Приблизившись к двери, я стукнул три раза, затем два, после чего стал ждать. Полицейские осведомители поработали исправно, и через несколько мгновений открылось окошко и я увидел раскосые глаза.
– Баванг хуа, – сказал я, что, как мне кажется, означает «царь цветов».
Опять отличные разведданные. Окошко захлопнулось, открылась дверь. Я проскользнул внутрь, и меня тотчас же ударила пелена дыма, висящая в красном воздухе, поскольку все фонари были окрашены в этот адский цвет.
– Трубку, старик, но только чтобы никакого дерьмового турецкого отстоя! Изволь подать лучший персидский «шелк»!
Для меня это была полная галиматья, но опять же Росс дал дельный совет. Китаец оглядел меня с ног до головы, но, полагаю, европейские лица были для него такими же одинаковыми, какими кажутся англичанину лица азиатов. В любом случае ничего плохого он сказать про меня не мог – разве что про мой коричневый твидовый костюм, но и тот в конце концов был признан приемлемым. Затем китаец провел меня по коридору, где под табличкой «ВСЕГДА ЕСТЬ ТРУБКИ И ФОНАРИ» угрюмо сидел здоровенный ласкар[64], у которого был такой вид, будто он для развлечения рубит людям головы. Слева была дверь, завешенная циновкой, и китаец провел меня туда.
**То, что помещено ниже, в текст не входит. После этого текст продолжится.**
lemma exists_factorization_trading_rank:
  assumes g: "g \<in> GL n" and lam: "lam \<noteq> 0" and j: "j \<le> rank (g - lam \<cdot>\<^sub>m 1\<^sub>m n)"
  shows "\<exists>h k. h \<in> GL n \<and> k \<in> GL n \<and> g = h * k
    \<and> rank (h - lam \<cdot>\<^sub>m 1\<^sub>m n) + j \<le> rank (g - lam \<cdot>\<^sub>m 1\<^sub>m n) \<and> rank (k - 1\<^sub>m n) \<le> j"
  using j
proof (induction j)
  case 0
  have "1\<^sub>m n - 1\<^sub>m n = (0\<^sub>m n n :: 'a mat)" by (intro eq_matI) auto
  then have "rank (1\<^sub>m n - 1\<^sub>m n :: 'a mat) = 0" by (simp only: rank_0I)
  moreover have "1\<^sub>m n \<in> GL n" by (rule GLI[of _ n "1\<^sub>m n"]) auto
  moreover have "g = g * 1\<^sub>m n" using g by (auto simp: GL_def)
  ultimately show ?case using g by auto
next
  case (Suc j)
  then obtain h k where hk: "h \<in> GL n" "k \<in> GL n" "g = h * k"
    and rh: "rank (h - lam \<cdot>\<^sub>m 1\<^sub>m n) + j \<le> rank (g - lam \<cdot>\<^sub>m 1\<^sub>m n)"
    and rk: "rank (k - 1\<^sub>m n) \<le> j" by auto
  show ?case
  proof (cases "rank (h - lam \<cdot>\<^sub>m 1\<^sub>m n) = 0")
    case True
    then have "rank (h - lam \<cdot>\<^sub>m 1\<^sub>m n) + Suc j \<le> rank (g - lam \<cdot>\<^sub>m 1\<^sub>m n)"
      using Suc.prems by simp
    moreover have "rank (k - 1\<^sub>m n) \<le> Suc j" using rk by simp
    ultimately show ?thesis using hk by blast
  next
    case False
    then obtain t where t: "t \<in> GL n" "rank (t - 1\<^sub>m n) \<le> 1"
      "rank (h - lam \<cdot>\<^sub>m t) < rank (h - lam \<cdot>\<^sub>m 1\<^sub>m n)"
      using rank_reducing_factorE[OF hk(1) lam] by blast
    obtain ti where tc: "t \<in> carrier_mat n n" and ti: "ti \<in> carrier_mat n n"
      and tti: "t * ti = 1\<^sub>m n" and tit: "ti * t = 1\<^sub>m n" using t(1) by (rule GLE)
    have tiGL: "ti \<in> GL n" using GLI[OF ti tc tit tti] .
    have hc: "h \<in> carrier_mat n n" and kc: "k \<in> carrier_mat n n" using hk by (auto simp: GL_def)
    have "g = h * ti * (t * k)" using mult_inverse_pair_cancel[OF hc ti tc kc tit] hk(3) by simp
    moreover have "h * ti - lam \<cdot>\<^sub>m 1\<^sub>m n = (h - lam \<cdot>\<^sub>m t) * ti"
      using hc tc ti tti by (simp add: minus_mult_distrib_mat[of _ n n] mult_smult_assoc_mat)
    then have "rank (h * ti - lam \<cdot>\<^sub>m 1\<^sub>m n) = rank (h - lam \<cdot>\<^sub>m t)"
      using rank_mult_GL[OF _ tiGL, of "h - lam \<cdot>\<^sub>m t"] minus_carrier_mat[of "lam \<cdot>\<^sub>m t" n n h] tc
      by auto
    moreover have "rank (t * k - 1\<^sub>m n) \<le> rank (t - 1\<^sub>m n) + rank (k - 1\<^sub>m n)"
      using rank_mult_minus_one_le[OF tc kc] .
    ultimately show ?thesis
      using GL_mult[OF hk(1) tiGL] GL_mult[OF t(1) hk(2)] t(2,3) rh rk
      by (intro exI[of _ "h * ti"] exI[of _ "t * k"]) auto
  qed
qed

lemma SL_factorization_of_GL_factorization:
  assumes n: "0 < n" and g: "g \<in> SL n" and h: "h \<in> GL n" and k: "k \<in> GL n" and ghk: "g = h * k"
  obtains h' k' where "h' \<in> SL n" "k' \<in> SL n" "g = h' * k'"
    "rank (h' - c \<cdot>\<^sub>m 1\<^sub>m n) \<le> rank (h - c \<cdot>\<^sub>m 1\<^sub>m n) + 1"
    "rank (k' - 1\<^sub>m n) \<le> rank (k - 1\<^sub>m n) + 1"
proof -
  have hc: "h \<in> carrier_mat n n" and kc: "k \<in> carrier_mat n n" and d: "det k \<noteq> 0"
    using h k by (auto simp: GL_iff_det)
  define D where "D = multrow_mat n 0 (det k)"
  define Di where "Di = multrow_mat n 0 (inverse (det k))"
  have D: "D \<in> carrier_mat n n" and Di: "Di \<in> carrier_mat n n" by (auto simp: D_def Di_def)
  have "D * Di = 1\<^sub>m n" unfolding D_def Di_def using multrow_mat_inv[OF n d] .
  then have "g = h * D * (Di * k)" using mult_inverse_pair_cancel[OF hc D Di kc] ghk by simp
  moreover have "h * D \<in> SL n" and "Di * k \<in> SL n"
    using g ghk hc kc D Di d n
    by (auto simp: SL_def det_mult[of _ n] D_def Di_def det_multrow_mat)
  moreover have "rank (h * D - c \<cdot>\<^sub>m 1\<^sub>m n) \<le> rank (h - c \<cdot>\<^sub>m 1\<^sub>m n) + 1"
    using rank_mult_minus_smult_one_le[OF hc D, of c] rank_multrow_mat_minus_one_le[OF n]
    unfolding D_def by (meson add_left_mono order_trans)
  moreover have "rank (Di * k - 1\<^sub>m n) \<le> rank (k - 1\<^sub>m n) + 1"
    using rank_mult_minus_one_le[OF Di kc] rank_multrow_mat_minus_one_le[OF n, of "inverse (det k)"]
    unfolding Di_def by linarith
  ultimately show ?thesis using that by blast
qed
Я увидел сияние красных фонарей и в этом свете различил лежащих неподвижно людей, услышал тихие вздохи, выдающие их присутствие, и постепенно мои глаза приспособились. В воздухе клубился красноватый дым; помещение было грязным, сырым и в то же время сухим и жарким; звучали тихие стоны, кряхтенье, хихиканье и кашель. Как это ни странно, чувствовался запах жареных орешков, хотя в нем присутствовали какие-то тревожные нюансы. В полумраке светились извивающиеся черви, которые разгорались при затяжке и снова тускнели. Мои глаза приспособились лучше, и я увидел обитель полного оцепенения, людей, лишившихся способности двигаться, не имеющих никаких желаний, распростертых в соломенных креслах, вялых, словно тряпичные куклы, растерявших чванство и высокомерие; у всех отвисли челюсти, глаза устремились в бесконечность, или в вечность, или туда, где эти две категории каким-то образом встречаются. Подполковника Вудраффа я здесь не узнал, но я не смог бы узнать никого.
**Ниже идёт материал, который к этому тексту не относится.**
lemma ec_add_ec_neg_cancel:
  fixes A :: "'a::field_char_0"
  assumes A: "A \<noteq> 0" and P: "on_curve 1 A 0 P" and Q: "on_curve 1 A 0 Q"
  shows "ec_add 1 A 0 (ec_add 1 A 0 P Q) (ec_neg Q) = P"
proof (cases P; cases Q)
  fix x1 y1 x2 y2 assume P': "P = Pt x1 y1" and Q': "Q = Pt x2 y2"
  have c1: "y1^2 = x1^3 + A * x1" and c2: "y2^2 = x2^3 + A * x2"
    using P Q P' Q' by (auto simp: on_curve_def)
  show ?thesis
  proof (cases "x1 = x2")
    case True
    show ?thesis
    proof (cases "y1 = - y2")
      case False
      have "y1^2 = y2^2" using c1 c2 True by simp
      then have "y2 = y1" using False by (auto simp: power2_eq_iff)
      then have "y1 \<noteq> 0" using False by auto
      then show ?thesis
        using ec_add_tangent_cancel[OF \<open>y1 \<noteq> 0\<close>, of A 0] P' Q' True \<open>y2 = y1\<close> by (simp add: Let_def)
    qed (use P' Q' True in simp)
  next
    case False
    then show ?thesis using ec_add_chord_cancel[OF A c1 c2 False] P' Q' by (simp add: Let_def)
  qed
qed auto

lemma ec_neg_ec_add_cancel:
  fixes A :: "'a::field_char_0"
  assumes A: "A \<noteq> 0" and P: "on_curve 1 A 0 P" and R: "on_curve 1 A 0 R"
  shows "ec_add 1 A 0 (ec_neg P) (ec_add 1 A 0 P R) = R"
proof -
  have "ec_add 1 A 0 (ec_neg P) (ec_add 1 A 0 P R) = ec_add 1 A 0 (ec_add 1 A 0 R P) (ec_neg P)"
    using ec_add_comm[OF on_curve_ec_neg[OF P] on_curve_ec_add[OF P R]] ec_add_comm[OF P R] by simp
  also have "\<dots> = R" using ec_add_ec_neg_cancel[OF A R P] .
  finally show ?thesis .
qed

lemma on_curve_ec_mult:
  fixes A B :: "'a::field_char_0"
  shows "on_curve 1 A B P \<Longrightarrow> on_curve 1 A B (ec_mult 1 A B n P)"
  by (induction n) (simp_all add: on_curve_ec_add)

lemma ec_neg_ec_mult_torsion:
  fixes A :: "'a::field_char_0"
  assumes A: "A \<noteq> 0" and P: "on_curve 1 A 0 P" and N: "ec_mult 1 A 0 N P = Infty" and "n \<le> N"
  shows "ec_neg (ec_mult 1 A 0 n P) = ec_mult 1 A 0 (N - n) P"
  using \<open>n \<le> N\<close>
proof (induction n)
  case 0
  then show ?case using N by simp
next
  case (Suc n)
  then have "N - n = Suc (N - Suc n)" by simp
  then have "ec_neg (ec_mult 1 A 0 (Suc n) P)
      = ec_add 1 A 0 (ec_neg P) (ec_add 1 A 0 P (ec_mult 1 A 0 (N - Suc n) P))"
    using Suc by (simp add: ec_neg_ec_add[symmetric])
  also have "\<dots> = ec_mult 1 A 0 (N - Suc n) P"
    using ec_neg_ec_add_cancel[OF A P on_curve_ec_mult[OF P]] .
  finally show ?case .
qed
Китаец подтолкнул меня в спину и что-то залепетал на своем языке, протягивая маленькую ладошку. Когда я вложил в нее стандартные три шиллинга и шесть пенсов за щепотку, он разочарованно поморщился, тогда я добавил еще двухпенсовик, демонстрируя свою благожелательность. Китаец подвел меня к креслу, я освободился от шляпы и пальто, и он предложил мне лечь. Четыре дивана стояли рядом с красным фонарем, сияющим посреди стола с бронзовой крышкой. Я полежал несколько минут, давая своим глазам приспособиться, не смея оглядываться по сторонам, ибо это было не то место, где приветствуются дружеские взгляды.
Через какое-то время вернулся хозяин с длинной глиняной трубкой, со слегка изогнутым чубуком и маленькой чашечкой на конце. Росс просветил меня, как должен держаться опытный курильщик опиума, поэтому я поднес чашечку к глазам, потер лежащую внутри бурую пасту, подцепил немного ногтем и поднес к носу, чтобы понюхать, а затем лизнул, пробуя на вкус, как будто мог почувствовать разницу между турецким и персидским зельем. На мой взгляд, паста не имела ни вкуса, ни запаха, но я кивнул и подмигнул китайцу, и тот быстро удалился.
Положив трубку чашечкой на фонарь, я дождался, когда опиум наберется энергии и начнет тлеть. Мне было сказано, что паста невосприимчива к открытому огню; только приложение тепла, переданного через мягкие металлы, воспламеняет ее, начиная алхимическое волшебство. Несомненно, за мной наблюдали, поэтому когда я увидел струйки дыма, я взял трубку в рот и затянулся.
Не произошло ровным счетом ничего. Странно, Кольридж увидел неведомые страны после того, как его воображение раскрепостилось благодаря таинственным способностям зелья, но я ничего не увидел. Я заморгал, думая: рассказы про опиум явно преувеличены.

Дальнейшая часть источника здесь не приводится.